- [Instructions to follow] Take each line of the records below that contains the string "definition" and copy it.

Segment Open

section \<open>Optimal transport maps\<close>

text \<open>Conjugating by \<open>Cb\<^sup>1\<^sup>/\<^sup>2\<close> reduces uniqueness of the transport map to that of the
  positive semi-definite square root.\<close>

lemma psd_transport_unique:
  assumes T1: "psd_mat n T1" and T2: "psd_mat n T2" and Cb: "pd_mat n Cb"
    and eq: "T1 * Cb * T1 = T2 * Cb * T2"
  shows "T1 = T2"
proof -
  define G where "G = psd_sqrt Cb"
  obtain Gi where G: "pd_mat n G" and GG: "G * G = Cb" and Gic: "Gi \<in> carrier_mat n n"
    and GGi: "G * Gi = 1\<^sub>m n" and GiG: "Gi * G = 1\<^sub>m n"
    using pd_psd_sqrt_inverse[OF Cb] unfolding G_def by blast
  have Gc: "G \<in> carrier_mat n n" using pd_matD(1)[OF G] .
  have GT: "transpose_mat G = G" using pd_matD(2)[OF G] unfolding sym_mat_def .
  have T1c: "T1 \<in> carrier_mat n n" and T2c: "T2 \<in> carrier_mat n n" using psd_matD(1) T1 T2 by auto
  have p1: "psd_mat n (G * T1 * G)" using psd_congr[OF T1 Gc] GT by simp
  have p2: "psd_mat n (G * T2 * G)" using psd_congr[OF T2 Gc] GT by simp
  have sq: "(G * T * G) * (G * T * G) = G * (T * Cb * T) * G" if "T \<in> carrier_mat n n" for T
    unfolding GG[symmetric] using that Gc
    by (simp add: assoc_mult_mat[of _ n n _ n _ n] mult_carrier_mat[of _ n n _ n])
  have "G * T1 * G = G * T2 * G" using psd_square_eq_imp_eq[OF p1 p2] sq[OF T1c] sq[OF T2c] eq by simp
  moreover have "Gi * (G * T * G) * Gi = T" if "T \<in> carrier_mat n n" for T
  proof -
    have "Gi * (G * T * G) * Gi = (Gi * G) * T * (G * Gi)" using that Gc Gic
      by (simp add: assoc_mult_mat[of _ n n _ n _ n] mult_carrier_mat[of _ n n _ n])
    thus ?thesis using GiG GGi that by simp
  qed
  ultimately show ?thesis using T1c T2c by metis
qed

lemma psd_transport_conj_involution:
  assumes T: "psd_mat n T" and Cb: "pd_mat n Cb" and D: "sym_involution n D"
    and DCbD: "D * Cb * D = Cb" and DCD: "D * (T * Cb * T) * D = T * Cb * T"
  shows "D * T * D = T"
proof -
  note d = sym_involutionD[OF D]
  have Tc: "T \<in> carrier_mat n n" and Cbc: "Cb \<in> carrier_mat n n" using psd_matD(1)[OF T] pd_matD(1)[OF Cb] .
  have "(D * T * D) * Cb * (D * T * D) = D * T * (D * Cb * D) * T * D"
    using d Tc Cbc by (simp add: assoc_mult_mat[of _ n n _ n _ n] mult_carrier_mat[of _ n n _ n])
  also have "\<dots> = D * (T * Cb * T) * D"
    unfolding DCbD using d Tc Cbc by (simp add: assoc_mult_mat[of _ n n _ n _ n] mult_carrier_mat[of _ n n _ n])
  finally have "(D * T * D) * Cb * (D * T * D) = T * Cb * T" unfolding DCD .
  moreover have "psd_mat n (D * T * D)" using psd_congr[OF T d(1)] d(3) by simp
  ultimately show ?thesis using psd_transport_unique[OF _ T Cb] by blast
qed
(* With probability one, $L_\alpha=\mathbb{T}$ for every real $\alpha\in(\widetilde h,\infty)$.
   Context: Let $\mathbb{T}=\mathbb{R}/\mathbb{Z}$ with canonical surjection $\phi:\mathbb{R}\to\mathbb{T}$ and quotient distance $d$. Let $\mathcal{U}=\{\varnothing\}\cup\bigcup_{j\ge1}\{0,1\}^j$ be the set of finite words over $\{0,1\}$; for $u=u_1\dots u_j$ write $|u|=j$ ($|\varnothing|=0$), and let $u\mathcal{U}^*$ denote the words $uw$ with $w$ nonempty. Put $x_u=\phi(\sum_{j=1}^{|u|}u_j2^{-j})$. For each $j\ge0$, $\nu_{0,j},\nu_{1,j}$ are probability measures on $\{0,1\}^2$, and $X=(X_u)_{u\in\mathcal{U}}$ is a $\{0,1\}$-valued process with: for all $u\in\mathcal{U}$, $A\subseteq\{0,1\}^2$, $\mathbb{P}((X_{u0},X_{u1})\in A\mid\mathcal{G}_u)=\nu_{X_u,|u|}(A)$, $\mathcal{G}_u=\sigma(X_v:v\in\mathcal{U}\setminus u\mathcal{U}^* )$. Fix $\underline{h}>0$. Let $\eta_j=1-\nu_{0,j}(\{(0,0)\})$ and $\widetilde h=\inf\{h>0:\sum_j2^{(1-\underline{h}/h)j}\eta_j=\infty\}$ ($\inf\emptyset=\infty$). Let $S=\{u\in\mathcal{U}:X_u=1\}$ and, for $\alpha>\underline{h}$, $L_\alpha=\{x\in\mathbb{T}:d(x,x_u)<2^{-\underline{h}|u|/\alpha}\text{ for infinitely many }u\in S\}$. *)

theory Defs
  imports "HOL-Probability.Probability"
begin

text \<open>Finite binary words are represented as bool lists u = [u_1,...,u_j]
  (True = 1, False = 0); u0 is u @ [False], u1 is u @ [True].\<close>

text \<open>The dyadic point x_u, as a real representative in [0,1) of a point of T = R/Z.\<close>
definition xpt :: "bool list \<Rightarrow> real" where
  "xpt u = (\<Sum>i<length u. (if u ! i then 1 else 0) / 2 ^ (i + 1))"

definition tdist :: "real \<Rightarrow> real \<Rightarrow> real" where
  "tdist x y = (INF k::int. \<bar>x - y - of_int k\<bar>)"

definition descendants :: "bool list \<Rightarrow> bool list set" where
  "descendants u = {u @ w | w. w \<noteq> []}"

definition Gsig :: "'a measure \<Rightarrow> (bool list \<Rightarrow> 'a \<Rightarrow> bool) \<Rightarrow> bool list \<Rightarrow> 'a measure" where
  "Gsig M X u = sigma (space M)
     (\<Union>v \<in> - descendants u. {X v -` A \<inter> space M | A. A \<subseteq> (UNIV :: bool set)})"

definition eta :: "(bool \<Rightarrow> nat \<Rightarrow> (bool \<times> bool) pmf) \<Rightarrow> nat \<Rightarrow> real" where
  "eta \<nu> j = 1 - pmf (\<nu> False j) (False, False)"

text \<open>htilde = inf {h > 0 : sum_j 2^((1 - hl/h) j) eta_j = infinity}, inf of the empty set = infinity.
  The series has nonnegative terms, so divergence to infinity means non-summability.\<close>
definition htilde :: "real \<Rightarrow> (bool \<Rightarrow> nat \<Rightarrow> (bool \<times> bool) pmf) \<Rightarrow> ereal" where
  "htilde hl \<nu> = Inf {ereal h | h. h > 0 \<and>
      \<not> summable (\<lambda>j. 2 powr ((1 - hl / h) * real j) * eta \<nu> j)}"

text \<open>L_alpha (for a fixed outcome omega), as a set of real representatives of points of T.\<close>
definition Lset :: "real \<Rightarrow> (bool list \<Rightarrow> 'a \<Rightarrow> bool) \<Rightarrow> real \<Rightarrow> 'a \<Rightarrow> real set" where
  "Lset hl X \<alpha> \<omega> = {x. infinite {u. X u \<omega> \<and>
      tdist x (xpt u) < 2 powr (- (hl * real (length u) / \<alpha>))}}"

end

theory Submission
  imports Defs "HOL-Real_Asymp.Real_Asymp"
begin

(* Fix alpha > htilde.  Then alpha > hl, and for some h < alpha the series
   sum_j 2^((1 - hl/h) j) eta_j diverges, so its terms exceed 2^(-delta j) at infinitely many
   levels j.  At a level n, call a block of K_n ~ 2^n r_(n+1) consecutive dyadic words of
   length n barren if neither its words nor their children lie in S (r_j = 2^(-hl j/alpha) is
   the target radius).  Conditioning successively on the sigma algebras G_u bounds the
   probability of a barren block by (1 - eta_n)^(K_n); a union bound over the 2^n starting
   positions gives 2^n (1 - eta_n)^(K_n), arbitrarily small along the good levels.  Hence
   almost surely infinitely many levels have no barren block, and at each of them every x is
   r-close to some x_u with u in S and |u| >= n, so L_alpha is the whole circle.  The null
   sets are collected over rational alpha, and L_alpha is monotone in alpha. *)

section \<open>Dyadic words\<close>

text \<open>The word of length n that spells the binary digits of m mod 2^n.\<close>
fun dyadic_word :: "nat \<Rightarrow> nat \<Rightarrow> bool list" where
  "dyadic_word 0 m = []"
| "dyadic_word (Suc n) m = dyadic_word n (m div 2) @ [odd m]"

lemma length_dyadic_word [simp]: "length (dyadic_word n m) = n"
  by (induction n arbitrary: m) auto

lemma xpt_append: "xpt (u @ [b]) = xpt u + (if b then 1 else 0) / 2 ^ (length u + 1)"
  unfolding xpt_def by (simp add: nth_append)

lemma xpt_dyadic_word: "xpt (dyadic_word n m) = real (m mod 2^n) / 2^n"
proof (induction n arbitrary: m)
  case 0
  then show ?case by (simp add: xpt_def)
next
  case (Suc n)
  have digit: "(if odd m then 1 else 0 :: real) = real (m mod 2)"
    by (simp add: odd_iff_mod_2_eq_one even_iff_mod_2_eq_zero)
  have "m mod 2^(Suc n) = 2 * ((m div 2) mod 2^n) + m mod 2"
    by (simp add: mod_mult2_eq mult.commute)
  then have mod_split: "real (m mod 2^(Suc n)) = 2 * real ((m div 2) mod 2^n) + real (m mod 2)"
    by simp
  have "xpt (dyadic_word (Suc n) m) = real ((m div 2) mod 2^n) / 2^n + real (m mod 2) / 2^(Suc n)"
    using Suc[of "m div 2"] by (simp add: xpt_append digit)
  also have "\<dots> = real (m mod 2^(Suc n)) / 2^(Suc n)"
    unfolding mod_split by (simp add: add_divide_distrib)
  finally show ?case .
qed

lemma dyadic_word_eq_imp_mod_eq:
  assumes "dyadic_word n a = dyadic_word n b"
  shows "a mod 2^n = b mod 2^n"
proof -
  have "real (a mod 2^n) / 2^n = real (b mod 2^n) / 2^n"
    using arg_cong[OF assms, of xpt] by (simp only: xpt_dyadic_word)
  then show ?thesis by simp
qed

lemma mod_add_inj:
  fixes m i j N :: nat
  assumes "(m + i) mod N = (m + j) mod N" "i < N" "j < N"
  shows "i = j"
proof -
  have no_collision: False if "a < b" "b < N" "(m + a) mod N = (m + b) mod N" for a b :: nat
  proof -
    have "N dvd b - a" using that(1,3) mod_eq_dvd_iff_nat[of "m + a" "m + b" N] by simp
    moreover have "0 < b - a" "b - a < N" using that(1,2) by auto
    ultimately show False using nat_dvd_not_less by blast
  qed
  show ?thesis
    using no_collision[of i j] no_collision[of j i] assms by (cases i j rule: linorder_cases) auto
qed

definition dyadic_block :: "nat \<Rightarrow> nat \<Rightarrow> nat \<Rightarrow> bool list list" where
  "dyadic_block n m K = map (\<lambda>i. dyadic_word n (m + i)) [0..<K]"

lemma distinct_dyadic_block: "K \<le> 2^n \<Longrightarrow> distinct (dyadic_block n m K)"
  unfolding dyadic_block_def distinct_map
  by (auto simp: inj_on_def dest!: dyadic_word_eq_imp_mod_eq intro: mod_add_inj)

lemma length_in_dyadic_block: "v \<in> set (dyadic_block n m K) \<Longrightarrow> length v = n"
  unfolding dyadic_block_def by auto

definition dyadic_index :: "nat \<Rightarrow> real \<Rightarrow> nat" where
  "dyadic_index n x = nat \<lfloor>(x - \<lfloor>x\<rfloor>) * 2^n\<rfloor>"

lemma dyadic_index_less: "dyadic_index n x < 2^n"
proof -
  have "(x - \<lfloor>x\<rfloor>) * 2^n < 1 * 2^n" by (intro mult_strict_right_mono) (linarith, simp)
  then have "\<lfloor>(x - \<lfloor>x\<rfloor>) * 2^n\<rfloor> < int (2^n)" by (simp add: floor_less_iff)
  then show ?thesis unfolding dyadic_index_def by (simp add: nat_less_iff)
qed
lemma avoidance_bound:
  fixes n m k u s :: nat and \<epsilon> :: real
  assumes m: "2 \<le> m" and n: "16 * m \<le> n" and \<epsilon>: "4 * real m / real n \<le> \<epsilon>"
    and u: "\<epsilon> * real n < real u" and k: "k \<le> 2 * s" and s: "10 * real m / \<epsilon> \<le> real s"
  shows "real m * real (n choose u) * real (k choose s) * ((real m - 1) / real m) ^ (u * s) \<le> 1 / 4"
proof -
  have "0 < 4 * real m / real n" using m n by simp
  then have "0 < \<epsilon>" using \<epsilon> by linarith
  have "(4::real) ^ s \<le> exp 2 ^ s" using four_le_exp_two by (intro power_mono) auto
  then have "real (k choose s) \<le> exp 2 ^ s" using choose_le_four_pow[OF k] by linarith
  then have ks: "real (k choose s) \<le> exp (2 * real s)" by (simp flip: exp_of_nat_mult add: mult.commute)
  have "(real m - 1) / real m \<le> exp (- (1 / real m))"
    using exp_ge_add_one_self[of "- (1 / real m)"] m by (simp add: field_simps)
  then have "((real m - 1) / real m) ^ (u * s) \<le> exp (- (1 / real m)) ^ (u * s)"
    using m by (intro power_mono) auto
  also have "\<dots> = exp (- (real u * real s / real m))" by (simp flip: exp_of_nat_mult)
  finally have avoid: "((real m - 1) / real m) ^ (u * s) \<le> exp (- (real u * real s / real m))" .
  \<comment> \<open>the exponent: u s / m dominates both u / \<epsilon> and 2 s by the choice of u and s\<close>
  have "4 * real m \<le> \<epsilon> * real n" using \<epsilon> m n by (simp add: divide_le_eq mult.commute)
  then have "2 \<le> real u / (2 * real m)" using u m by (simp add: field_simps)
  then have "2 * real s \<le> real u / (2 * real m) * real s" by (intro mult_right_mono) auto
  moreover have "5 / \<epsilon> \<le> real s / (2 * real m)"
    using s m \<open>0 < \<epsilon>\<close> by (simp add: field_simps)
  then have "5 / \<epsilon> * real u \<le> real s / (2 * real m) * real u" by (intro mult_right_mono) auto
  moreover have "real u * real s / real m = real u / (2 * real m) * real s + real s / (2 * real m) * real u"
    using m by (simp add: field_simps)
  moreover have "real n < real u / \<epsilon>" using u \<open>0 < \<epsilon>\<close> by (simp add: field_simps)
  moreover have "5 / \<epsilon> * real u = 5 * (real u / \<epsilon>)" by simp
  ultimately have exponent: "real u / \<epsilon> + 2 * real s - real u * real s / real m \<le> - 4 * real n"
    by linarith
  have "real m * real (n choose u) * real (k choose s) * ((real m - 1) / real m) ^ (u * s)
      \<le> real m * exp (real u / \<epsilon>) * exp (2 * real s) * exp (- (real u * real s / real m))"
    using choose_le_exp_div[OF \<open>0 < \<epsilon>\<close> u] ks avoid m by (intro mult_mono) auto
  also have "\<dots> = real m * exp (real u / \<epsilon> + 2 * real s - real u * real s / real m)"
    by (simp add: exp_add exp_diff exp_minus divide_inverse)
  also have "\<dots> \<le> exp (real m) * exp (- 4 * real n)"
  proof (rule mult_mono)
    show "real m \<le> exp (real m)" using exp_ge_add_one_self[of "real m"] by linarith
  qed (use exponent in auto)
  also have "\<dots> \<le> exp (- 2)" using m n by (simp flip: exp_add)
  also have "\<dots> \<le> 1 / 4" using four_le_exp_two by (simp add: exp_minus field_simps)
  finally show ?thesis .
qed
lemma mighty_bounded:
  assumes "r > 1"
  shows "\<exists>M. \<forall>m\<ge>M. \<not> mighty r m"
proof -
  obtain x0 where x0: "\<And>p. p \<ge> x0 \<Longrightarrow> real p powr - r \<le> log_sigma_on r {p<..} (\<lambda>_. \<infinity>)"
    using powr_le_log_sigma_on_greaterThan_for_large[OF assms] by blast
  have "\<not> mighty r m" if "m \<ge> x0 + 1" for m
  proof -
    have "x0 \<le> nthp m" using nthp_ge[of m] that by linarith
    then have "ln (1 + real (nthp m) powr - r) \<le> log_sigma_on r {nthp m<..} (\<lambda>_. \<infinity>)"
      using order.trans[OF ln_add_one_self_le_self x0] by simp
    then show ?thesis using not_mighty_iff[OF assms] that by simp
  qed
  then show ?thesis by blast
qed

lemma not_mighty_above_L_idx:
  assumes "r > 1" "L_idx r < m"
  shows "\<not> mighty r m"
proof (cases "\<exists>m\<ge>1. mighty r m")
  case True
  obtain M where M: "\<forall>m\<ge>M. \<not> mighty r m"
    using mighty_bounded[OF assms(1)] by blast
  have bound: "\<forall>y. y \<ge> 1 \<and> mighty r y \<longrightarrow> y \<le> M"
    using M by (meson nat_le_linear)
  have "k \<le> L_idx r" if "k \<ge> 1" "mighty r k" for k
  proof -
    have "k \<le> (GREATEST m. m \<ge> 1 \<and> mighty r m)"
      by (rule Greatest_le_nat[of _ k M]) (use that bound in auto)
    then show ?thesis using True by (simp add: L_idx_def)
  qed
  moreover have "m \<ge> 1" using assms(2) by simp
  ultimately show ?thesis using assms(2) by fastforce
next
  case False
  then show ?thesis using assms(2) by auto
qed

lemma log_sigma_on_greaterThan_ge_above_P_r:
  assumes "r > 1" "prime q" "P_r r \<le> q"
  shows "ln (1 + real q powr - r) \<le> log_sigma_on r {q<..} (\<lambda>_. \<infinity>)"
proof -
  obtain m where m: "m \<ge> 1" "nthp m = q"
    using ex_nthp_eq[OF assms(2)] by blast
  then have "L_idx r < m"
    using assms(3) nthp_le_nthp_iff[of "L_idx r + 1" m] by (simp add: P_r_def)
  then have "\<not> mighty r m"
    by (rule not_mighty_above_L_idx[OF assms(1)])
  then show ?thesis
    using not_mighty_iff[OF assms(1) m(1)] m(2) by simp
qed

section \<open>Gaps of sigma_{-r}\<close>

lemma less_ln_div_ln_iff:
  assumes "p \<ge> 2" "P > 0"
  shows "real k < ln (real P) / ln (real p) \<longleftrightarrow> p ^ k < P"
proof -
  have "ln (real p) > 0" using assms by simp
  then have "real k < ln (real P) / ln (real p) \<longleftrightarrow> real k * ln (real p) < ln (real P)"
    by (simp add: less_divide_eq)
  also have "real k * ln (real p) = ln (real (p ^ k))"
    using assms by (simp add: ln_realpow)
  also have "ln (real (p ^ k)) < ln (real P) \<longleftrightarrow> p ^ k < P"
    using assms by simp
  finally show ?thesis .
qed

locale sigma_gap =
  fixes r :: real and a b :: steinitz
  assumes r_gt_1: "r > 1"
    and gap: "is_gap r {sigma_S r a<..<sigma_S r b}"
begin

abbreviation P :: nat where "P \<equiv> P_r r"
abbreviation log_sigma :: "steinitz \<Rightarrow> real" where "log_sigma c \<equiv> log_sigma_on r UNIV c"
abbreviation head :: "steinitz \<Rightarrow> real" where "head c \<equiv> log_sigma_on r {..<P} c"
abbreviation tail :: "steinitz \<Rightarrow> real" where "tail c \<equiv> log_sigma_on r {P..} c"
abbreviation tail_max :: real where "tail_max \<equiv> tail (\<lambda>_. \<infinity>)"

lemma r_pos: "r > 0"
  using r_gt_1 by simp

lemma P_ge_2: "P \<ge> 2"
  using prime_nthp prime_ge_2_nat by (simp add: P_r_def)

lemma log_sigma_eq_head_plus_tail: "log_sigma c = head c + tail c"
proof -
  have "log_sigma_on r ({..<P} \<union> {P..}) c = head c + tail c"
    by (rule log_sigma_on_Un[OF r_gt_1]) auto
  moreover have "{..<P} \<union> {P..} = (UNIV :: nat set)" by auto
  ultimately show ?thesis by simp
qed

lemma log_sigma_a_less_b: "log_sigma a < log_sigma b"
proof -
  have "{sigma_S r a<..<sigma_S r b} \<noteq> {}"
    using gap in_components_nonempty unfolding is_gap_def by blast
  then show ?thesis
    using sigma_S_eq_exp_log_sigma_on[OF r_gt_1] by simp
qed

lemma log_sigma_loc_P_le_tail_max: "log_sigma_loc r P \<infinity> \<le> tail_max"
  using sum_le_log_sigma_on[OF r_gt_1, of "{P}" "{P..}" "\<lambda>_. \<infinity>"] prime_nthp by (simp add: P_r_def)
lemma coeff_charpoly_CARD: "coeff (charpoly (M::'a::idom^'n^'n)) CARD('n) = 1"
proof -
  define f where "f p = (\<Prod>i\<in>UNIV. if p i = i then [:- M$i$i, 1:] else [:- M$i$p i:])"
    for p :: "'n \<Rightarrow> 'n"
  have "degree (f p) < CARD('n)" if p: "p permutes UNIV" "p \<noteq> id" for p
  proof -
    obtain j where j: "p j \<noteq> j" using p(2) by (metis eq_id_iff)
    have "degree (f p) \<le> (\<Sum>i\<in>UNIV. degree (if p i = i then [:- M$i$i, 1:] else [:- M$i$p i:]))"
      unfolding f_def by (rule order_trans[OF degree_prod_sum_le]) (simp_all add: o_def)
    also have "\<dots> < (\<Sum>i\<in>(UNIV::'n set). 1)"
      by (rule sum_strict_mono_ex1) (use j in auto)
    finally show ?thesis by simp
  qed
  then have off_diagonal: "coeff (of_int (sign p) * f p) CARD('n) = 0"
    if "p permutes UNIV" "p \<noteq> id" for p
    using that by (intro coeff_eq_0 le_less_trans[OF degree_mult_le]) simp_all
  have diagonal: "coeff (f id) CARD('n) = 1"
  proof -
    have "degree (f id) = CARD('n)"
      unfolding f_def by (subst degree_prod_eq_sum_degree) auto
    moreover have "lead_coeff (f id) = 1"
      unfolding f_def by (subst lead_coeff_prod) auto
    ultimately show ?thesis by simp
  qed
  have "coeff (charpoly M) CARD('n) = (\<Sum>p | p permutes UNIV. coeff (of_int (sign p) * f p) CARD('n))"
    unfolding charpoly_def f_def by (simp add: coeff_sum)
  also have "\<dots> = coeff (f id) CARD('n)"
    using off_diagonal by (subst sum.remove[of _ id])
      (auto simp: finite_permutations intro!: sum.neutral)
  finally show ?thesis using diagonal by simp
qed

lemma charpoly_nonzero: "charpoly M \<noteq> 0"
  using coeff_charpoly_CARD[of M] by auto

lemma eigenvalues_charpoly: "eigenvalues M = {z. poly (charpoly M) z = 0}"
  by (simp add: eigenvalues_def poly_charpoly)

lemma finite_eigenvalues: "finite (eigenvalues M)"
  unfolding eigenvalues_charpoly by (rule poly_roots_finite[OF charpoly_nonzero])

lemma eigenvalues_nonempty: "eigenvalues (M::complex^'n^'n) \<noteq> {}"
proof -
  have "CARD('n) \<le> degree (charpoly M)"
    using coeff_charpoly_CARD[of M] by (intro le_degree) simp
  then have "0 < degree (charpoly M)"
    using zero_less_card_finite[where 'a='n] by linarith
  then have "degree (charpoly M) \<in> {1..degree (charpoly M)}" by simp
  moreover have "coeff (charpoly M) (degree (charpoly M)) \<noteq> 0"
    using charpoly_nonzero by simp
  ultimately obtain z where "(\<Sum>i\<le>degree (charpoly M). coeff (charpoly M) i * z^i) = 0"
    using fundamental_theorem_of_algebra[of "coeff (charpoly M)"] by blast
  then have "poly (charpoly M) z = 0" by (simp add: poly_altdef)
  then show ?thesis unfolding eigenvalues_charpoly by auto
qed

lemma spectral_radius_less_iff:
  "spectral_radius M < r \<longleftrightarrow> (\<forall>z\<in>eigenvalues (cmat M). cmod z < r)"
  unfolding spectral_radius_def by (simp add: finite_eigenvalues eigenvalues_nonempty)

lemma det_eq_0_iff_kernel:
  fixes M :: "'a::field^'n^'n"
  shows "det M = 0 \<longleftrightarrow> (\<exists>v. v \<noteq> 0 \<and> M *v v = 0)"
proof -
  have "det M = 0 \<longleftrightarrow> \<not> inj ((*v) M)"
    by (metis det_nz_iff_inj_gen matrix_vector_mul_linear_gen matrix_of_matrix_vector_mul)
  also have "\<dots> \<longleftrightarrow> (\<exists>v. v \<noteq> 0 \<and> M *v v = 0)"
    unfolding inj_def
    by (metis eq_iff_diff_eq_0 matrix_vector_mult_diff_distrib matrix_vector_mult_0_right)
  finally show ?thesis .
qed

Segment Closed

- [Answer space]
definition xpt :: "bool list \<Rightarrow> real" where
definition tdist :: "real \<Rightarrow> real \<Rightarrow> real" where
definition descendants :: "bool list \<Rightarrow> bool list set" where
definition Gsig :: "'a measure \<Rightarrow> (bool list \<Rightarrow> 'a \<Rightarrow> bool) \<Rightarrow> bool list \<Rightarrow> 'a measure" where
definition eta :: "(bool \<Rightarrow> nat \<Rightarrow> (bool \<times> bool) pmf) \<Rightarrow> nat \<Rightarrow> real" where
definition htilde :: "real \<Rightarrow> (bool \<Rightarrow> nat \<Rightarrow> (bool \<times> bool) pmf) \<Rightarrow> ereal" where
definition Lset :: "real \<Rightarrow> (bool list \<Rightarrow> 'a \<Rightarrow> bool) \<Rightarrow> real \<Rightarrow> 'a \<Rightarrow> real set" where
definition dyadic_block :: "nat \<Rightarrow> nat \<Rightarrow> nat \<Rightarrow> bool list list" where
definition dyadic_index :: "nat \<Rightarrow> real \<Rightarrow> nat" where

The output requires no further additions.